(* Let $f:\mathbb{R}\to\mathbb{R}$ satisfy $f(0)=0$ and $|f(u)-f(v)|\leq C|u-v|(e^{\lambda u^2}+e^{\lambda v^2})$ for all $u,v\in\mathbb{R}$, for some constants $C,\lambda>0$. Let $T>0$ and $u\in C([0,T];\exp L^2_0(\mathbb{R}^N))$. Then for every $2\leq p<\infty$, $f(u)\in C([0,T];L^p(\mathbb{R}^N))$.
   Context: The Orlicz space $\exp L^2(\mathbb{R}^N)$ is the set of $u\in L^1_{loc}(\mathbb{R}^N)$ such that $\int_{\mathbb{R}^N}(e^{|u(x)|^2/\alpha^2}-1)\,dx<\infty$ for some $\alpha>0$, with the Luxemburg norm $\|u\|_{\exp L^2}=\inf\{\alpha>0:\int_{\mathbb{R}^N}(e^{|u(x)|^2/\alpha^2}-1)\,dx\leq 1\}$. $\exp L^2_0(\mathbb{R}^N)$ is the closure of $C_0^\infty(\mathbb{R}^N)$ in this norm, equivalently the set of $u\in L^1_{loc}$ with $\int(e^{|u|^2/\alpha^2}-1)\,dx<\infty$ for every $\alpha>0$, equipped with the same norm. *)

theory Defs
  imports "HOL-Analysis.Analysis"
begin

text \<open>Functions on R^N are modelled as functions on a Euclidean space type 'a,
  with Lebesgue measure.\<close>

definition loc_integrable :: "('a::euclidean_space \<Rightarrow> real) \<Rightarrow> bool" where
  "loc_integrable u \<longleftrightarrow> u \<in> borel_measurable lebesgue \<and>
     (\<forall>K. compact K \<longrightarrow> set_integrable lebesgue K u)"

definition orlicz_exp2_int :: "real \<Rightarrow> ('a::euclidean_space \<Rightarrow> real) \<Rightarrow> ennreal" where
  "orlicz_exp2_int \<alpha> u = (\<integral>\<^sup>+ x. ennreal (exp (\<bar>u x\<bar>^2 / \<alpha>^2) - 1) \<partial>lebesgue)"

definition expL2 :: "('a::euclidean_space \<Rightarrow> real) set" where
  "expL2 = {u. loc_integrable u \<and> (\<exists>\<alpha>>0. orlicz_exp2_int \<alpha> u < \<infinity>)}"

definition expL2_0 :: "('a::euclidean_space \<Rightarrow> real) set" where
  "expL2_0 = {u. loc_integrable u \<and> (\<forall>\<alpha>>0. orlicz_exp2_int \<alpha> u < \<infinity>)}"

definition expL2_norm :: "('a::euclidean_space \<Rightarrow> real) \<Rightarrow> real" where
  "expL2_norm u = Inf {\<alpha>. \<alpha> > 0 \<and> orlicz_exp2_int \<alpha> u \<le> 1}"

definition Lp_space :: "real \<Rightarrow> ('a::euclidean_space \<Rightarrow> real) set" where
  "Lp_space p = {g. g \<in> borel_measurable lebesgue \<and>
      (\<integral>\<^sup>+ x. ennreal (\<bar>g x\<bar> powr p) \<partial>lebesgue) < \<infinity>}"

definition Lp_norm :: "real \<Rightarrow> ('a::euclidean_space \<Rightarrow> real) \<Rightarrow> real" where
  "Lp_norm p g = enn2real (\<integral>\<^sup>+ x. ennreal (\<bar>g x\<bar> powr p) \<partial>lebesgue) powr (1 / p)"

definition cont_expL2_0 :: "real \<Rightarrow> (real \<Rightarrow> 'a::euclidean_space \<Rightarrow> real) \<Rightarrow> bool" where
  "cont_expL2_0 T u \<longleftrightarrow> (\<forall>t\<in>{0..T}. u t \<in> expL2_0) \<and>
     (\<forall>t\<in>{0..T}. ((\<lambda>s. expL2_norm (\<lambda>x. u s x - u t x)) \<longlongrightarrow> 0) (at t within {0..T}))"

========================================

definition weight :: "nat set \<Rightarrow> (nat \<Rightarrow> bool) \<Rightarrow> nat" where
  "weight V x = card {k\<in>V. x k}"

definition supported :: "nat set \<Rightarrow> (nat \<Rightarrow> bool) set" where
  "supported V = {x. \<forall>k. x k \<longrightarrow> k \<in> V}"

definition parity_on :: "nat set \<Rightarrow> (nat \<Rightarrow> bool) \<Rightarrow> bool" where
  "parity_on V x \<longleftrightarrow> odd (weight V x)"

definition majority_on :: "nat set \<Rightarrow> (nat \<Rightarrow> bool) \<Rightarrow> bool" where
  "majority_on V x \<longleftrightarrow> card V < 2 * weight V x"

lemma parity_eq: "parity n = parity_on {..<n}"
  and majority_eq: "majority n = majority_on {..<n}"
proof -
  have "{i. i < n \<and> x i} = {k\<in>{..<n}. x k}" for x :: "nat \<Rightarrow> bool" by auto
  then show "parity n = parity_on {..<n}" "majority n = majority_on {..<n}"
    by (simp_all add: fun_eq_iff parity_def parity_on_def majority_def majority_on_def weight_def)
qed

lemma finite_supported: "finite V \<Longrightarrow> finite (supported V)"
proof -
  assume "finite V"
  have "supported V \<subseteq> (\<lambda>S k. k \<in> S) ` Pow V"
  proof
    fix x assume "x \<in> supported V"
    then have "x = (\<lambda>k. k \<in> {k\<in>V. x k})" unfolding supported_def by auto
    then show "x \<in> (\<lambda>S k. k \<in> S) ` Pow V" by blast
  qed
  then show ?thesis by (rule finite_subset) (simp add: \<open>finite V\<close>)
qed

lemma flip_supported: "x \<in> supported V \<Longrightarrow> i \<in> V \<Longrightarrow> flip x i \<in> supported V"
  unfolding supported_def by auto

========================================

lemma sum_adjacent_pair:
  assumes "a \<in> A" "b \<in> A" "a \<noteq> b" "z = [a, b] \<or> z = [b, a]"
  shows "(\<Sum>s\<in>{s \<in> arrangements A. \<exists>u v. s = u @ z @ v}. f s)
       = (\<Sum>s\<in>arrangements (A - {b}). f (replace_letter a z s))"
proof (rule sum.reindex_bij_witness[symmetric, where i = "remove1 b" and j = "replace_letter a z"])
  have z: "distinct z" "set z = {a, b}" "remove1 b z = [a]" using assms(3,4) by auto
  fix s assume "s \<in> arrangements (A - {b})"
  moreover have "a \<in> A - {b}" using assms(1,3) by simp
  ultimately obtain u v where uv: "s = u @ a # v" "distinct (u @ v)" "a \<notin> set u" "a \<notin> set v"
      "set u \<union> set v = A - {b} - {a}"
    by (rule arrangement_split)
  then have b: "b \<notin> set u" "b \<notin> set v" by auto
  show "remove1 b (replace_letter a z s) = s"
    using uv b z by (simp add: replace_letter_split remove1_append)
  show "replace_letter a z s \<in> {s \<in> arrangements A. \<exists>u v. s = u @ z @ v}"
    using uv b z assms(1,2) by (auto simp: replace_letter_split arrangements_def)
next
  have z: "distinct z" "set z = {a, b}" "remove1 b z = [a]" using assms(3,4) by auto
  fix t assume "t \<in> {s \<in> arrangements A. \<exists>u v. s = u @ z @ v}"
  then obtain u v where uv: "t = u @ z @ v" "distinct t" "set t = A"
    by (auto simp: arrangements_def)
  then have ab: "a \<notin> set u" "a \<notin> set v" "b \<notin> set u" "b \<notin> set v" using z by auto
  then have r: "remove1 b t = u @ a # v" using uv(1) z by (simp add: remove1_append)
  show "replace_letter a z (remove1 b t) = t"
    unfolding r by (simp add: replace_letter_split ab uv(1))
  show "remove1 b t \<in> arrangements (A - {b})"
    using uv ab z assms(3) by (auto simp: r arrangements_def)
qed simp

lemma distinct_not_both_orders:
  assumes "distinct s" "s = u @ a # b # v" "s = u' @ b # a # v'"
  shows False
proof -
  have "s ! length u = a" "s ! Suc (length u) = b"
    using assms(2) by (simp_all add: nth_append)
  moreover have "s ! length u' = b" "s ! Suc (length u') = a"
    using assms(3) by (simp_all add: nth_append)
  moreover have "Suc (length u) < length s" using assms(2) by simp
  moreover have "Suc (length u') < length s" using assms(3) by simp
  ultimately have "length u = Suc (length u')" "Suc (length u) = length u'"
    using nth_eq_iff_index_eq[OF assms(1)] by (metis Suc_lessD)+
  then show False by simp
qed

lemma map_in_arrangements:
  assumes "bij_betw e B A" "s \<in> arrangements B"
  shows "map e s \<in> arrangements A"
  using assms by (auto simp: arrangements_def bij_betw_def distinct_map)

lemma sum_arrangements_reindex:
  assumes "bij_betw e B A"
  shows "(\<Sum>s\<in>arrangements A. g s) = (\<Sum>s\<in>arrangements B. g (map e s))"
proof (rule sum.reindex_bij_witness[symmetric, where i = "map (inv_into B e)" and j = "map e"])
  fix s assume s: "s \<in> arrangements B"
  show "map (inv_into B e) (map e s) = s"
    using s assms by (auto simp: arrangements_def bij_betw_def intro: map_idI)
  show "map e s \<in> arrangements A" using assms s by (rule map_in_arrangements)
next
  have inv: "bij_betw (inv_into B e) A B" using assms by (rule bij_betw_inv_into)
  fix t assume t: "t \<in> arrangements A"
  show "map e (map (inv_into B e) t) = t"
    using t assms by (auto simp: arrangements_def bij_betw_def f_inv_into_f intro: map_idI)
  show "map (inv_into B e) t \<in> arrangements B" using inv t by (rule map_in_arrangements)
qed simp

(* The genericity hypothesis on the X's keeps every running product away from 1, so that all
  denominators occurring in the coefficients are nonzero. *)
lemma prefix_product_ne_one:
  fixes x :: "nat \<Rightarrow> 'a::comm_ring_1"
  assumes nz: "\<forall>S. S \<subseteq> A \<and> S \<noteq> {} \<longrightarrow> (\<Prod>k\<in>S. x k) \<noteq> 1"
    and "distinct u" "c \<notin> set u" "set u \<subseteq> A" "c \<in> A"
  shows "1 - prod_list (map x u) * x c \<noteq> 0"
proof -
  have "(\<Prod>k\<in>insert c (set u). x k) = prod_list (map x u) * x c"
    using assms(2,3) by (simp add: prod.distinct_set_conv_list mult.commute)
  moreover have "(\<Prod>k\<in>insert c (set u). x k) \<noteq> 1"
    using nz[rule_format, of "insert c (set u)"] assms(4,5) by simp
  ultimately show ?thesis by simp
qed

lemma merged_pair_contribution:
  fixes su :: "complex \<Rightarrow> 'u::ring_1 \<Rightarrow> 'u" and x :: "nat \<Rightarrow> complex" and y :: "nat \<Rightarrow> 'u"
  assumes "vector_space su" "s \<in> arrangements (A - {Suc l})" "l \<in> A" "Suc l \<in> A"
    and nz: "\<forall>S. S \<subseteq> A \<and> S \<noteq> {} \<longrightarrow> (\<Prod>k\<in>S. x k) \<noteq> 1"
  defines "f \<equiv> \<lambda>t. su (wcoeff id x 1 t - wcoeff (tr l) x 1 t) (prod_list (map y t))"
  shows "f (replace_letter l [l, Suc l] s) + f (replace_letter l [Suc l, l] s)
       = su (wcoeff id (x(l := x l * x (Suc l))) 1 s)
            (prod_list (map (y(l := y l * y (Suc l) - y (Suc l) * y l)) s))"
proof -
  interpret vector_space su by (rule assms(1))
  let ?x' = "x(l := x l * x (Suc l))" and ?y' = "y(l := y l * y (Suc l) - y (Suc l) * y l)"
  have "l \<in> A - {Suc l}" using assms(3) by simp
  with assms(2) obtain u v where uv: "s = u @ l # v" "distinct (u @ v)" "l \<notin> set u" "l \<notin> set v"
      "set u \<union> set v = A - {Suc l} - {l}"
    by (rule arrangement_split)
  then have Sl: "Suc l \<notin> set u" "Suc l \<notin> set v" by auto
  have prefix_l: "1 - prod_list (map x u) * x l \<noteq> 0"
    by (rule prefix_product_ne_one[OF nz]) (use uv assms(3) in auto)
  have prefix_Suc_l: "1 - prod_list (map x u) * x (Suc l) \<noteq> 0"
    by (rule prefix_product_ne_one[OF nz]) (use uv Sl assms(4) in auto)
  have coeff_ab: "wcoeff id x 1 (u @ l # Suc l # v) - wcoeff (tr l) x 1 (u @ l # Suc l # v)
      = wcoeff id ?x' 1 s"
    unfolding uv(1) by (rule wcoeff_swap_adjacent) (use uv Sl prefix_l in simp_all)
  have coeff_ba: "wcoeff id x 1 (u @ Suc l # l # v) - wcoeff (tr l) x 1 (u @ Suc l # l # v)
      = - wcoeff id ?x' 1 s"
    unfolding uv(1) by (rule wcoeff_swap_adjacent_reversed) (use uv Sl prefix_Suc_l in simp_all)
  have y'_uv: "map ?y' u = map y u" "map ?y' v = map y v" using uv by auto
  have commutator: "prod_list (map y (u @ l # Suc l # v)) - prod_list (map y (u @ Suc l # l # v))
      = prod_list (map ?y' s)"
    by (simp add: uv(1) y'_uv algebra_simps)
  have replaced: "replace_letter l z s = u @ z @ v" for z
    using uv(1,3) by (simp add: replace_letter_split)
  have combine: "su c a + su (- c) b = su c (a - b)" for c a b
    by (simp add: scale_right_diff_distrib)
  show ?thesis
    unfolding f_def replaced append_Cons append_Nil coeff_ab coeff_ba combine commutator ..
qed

========================================

When the line with "by (auto simp: arrangements_def)" is reached in the data above, begin copying, and stop after the line with "shows False"; copy each line exactly, both ends included.

    by (auto simp: arrangements_def)
  then have ab: "a \<notin> set u" "a \<notin> set v" "b \<notin> set u" "b \<notin> set v" using z by auto
  then have r: "remove1 b t = u @ a # v" using uv(1) z by (simp add: remove1_append)
  show "replace_letter a z (remove1 b t) = t"
    unfolding r by (simp add: replace_letter_split ab uv(1))
  show "remove1 b t \<in> arrangements (A - {b})"
    using uv ab z assms(3) by (auto simp: r arrangements_def)
qed simp

lemma distinct_not_both_orders:
  assumes "distinct s" "s = u @ a # b # v" "s = u' @ b # a # v'"
  shows False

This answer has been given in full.